My observatory sits in an open field in southern Maryland a few miles inland from the Chesapeake Bay (yes, that is why the control room looks like a ship's wheel house). The telescope is mounted on a concrete pier that is well separated from the control room to minimize local seeing effects.
The telescope is a 115 mm diameter f/7 (800 mm focal length) achromatic refractor that I built around a lens assembly that I picked up on the resale market. The lens was reported to be identical to the one used by Henry Paul in the telescope shown on page 314 of Amateur Telescope Making vol. III (1982 printing). In front of the objective lens is a full aperture filter consisting of a 125 mm diameter, 12 mm thick, fused silica window, with a wave front error of better than 1/5 wave. The window was coated by Melles Griot with a metallic neutral density coating to to an optical denity of 1.2 (6% transmission).
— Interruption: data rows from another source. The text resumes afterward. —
theorem lemma1:
  fixes m mP mW :: nat
    and eta :: "nat \<Rightarrow> real list \<times> nat \<Rightarrow> real"
    and SP SW :: "nat set"
    and etabar :: "nat \<Rightarrow> nat \<Rightarrow> real"
    and E :: "real mat"
  assumes "m > 0" "mP > 0" "mW > 0"
    and nonneg: "\<And>s x \<mu>. s \<in> {1..m} \<Longrightarrow> x \<in> pm_vectors mW \<Longrightarrow> \<mu> \<in> {0..mP} \<Longrightarrow> eta s (x, \<mu>) \<ge> 0"
    and colsum: "\<And>x \<mu>. x \<in> pm_vectors mW \<Longrightarrow> \<mu> \<in> {0..mP} \<Longrightarrow> (\<Sum>s=1..m. eta s (x, \<mu>)) = 1"
    and SP_def: "SP = {s \<in> {1..m}. (\<Sum>x\<in>pm_vectors mW. eta s (x, 0)) = 0}"
    and SW_def: "SW = {s \<in> {1..m}. (\<Sum>x\<in>pm_vectors mW. eta s (x, 0)) > 0}"
    and etabar_def: "\<And>s \<mu>. etabar s \<mu> = (1 / 2 ^ mW) * (\<Sum>x\<in>pm_vectors mW. eta s (x, \<mu>))"
    and E_def: "E = mat (card SW) mW (\<lambda>(i, j).
          (let s = sorted_list_of_set SW ! i; \<nu> = mP + 1 + j in
            2 powr (- real mW / 2) *
            (\<Sum>x\<in>pm_vectors mW. x ! (\<nu> - mP - 1) * eta s (x, 0))
            / sqrt (\<Sum>x\<in>pm_vectors mW. eta s (x, 0))))"
  shows "(\<forall>s\<in>SP. \<forall>\<mu>\<in>{1..mP}. 0 \<le> etabar s \<mu> \<and> etabar s \<mu> \<le> 1)
       \<and> (\<forall>\<mu>\<in>{1..mP}. (\<Sum>s\<in>SP. etabar s \<mu>) \<le> 1)
       \<and> (\<forall>\<sigma>. singular_value E \<sigma> \<longrightarrow> 0 \<le> \<sigma> \<and> \<sigma> \<le> 1)"
proof -
  let ?P = "pm_vectors mW"
  have partial_column: "(\<Sum>s\<in>A. eta s (x, \<mu>)) \<le> 1"
    if "A \<subseteq> {1..m}" "x \<in> ?P" "\<mu> \<in> {0..mP}" for A x \<mu>
    using sum_mono2[of "{1..m}" A "\<lambda>s. eta s (x, \<mu>)"] that nonneg colsum by force
  have SP: "SP \<subseteq> {1..m}" and SW: "SW \<subseteq> {1..m}" using SP_def SW_def by auto
  have "0 \<le> etabar s \<mu> \<and> etabar s \<mu> \<le> 1" if "s \<in> SP" "\<mu> \<in> {1..mP}" for s \<mu>
  proof -
    have "s \<in> {1..m}" "\<mu> \<in> {0..mP}" using that SP by auto
    then show ?thesis
      unfolding etabar_def using nonneg partial_column[of "{s}"]
      by (intro conjI mult_nonneg_nonneg sum_nonneg pm_vectors_average_le_1) auto
  qed
  moreover have "(\<Sum>s\<in>SP. etabar s \<mu>) \<le> 1" if "\<mu> \<in> {1..mP}" for \<mu>
    unfolding etabar_def using that SP partial_column
    by (intro sum_pm_vectors_averages_le_1) auto
  moreover have "\<sigma> \<le> 1" if "singular_value E \<sigma>" for \<sigma>
  proof (rule singular_value_le_1_if_contraction[OF _ _ that])
    have E: "E = mat (card SW) mW (\<lambda>(i, j).
        sign_correlation mW (\<lambda>x. eta (sorted_list_of_set SW ! i) (x, 0)) j)"
      unfolding E_def sign_correlation_def by (simp add: Let_def)
    show "E \<in> carrier_mat (card SW) mW" unfolding E by simp
    show "(E *\<^sub>v v) \<bullet> (E *\<^sub>v v) \<le> v \<bullet> v" if "v \<in> carrier_vec mW" for v
      unfolding E using that SW finite_subset[OF SW] nonneg SW_def partial_column[OF SW]
      by (intro sign_correlation_mat_contraction) auto
  qed
  ultimately show ?thesis unfolding singular_value_def by auto
qed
The instrument package (from the front aperture back) consists of a 4 mm diameter field stop, a 16 mm focal length projection lens that I got out of a junked high-end microfilm printer, a 9 nm bandwidth interference filter centered on 520 nm, a 70% transmission plate beam splitter (in the aluminum cube), an inexpensive black and white CCD video camera (on the reflection port of the beam splitter), and an Olympus OM-1 camera with a motor drive and data back that records the date and time. The beam splitter reflects 30% of the light to the video camera which is parfocal with the film camera. The video camera transmits an image to a monitor in the control room that I watch for moments of good seeing. The Olympus motor drive permits remote triggering and winding of the OM-1.